──────── The records

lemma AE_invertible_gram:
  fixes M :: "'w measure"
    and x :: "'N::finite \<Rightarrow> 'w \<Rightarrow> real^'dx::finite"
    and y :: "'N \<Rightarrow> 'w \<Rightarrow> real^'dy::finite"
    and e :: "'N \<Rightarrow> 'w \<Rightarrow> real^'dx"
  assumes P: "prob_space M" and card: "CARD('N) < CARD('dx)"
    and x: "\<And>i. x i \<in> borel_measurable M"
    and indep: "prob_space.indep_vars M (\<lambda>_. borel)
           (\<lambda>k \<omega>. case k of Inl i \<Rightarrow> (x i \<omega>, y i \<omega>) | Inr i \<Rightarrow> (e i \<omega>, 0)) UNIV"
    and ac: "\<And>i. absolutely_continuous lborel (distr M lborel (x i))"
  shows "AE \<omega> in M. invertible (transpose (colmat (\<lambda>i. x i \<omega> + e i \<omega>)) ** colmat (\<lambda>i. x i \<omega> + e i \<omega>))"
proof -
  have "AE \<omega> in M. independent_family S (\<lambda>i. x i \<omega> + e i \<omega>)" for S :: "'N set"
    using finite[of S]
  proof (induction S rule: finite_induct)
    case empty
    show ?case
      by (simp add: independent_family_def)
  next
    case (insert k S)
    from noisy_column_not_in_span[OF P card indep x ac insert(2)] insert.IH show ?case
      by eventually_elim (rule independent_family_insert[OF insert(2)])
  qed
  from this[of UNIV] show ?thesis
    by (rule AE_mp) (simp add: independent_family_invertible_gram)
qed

────────────────
──────── The records

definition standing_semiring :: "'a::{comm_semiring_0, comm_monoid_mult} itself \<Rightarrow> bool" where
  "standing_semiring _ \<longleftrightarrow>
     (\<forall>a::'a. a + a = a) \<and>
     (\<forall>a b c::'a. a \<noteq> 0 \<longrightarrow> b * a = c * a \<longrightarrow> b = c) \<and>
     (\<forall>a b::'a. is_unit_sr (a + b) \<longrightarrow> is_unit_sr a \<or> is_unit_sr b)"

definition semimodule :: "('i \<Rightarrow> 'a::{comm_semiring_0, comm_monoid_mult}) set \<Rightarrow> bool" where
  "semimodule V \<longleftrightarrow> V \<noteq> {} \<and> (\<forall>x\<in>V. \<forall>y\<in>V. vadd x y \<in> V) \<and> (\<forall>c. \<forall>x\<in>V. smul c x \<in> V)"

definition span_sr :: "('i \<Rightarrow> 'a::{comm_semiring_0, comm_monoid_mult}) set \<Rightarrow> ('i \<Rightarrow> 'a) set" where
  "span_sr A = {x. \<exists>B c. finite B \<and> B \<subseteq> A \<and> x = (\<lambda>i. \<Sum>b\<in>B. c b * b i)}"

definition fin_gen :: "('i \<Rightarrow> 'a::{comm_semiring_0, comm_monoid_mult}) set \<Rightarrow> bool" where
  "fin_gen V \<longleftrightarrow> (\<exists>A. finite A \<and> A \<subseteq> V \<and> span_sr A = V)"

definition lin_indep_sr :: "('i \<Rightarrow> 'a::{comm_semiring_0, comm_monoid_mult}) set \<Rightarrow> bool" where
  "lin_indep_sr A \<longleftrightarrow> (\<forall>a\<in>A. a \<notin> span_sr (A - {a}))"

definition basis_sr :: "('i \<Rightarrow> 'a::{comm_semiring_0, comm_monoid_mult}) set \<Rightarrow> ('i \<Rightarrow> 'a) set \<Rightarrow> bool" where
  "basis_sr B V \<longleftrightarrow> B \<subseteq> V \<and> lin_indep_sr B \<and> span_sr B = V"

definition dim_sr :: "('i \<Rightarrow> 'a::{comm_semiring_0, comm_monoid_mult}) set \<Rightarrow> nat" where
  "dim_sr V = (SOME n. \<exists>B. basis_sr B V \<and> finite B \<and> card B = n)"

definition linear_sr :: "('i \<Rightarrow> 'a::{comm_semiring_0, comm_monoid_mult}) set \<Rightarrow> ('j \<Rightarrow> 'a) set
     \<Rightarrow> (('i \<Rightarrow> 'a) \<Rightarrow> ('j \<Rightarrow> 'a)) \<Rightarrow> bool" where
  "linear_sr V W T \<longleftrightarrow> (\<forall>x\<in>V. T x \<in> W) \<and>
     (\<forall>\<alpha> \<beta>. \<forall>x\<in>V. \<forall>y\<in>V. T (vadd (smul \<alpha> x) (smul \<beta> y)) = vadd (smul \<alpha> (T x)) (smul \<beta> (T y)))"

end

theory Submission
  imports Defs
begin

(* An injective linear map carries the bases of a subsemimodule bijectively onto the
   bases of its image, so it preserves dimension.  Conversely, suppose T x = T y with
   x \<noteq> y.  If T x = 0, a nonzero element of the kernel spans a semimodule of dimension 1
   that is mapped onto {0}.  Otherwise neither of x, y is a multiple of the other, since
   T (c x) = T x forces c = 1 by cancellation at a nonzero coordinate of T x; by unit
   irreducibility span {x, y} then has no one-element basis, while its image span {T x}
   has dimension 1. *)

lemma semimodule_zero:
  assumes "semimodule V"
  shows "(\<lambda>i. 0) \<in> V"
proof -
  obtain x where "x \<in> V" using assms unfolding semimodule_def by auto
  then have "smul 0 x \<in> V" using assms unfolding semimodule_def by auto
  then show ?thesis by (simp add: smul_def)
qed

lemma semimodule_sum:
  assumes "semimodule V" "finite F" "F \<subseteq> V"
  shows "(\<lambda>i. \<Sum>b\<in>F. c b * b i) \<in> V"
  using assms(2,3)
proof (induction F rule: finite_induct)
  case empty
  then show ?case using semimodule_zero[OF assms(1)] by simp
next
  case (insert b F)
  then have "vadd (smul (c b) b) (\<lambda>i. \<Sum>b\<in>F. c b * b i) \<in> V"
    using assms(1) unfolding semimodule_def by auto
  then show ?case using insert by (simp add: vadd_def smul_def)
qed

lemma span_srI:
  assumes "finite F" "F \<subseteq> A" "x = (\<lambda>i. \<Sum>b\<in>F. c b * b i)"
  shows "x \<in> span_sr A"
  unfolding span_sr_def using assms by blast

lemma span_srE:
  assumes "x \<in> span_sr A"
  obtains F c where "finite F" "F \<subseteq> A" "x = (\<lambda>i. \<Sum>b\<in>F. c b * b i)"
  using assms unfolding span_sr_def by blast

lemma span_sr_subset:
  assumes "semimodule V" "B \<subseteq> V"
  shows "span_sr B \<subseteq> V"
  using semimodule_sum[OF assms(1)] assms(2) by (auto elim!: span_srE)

────────────────

== What is required ==
Given the records above, restate word for word only the lines starting at the one with "x \<in> W) \<and>" and ending at the one with "(* An injective".

== Expected answer ==
  "linear_sr V W T \<longleftrightarrow> (\<forall>x\<in>V. T x \<in> W) \<and>
     (\<forall>\<alpha> \<beta>. \<forall>x\<in>V. \<forall>y\<in>V. T (vadd (smul \<alpha> x) (smul \<beta> y)) = vadd (smul \<alpha> (T x)) (smul \<beta> (T y)))"

end

theory Submission
  imports Defs
begin

(* An injective linear map carries the bases of a subsemimodule bijectively onto the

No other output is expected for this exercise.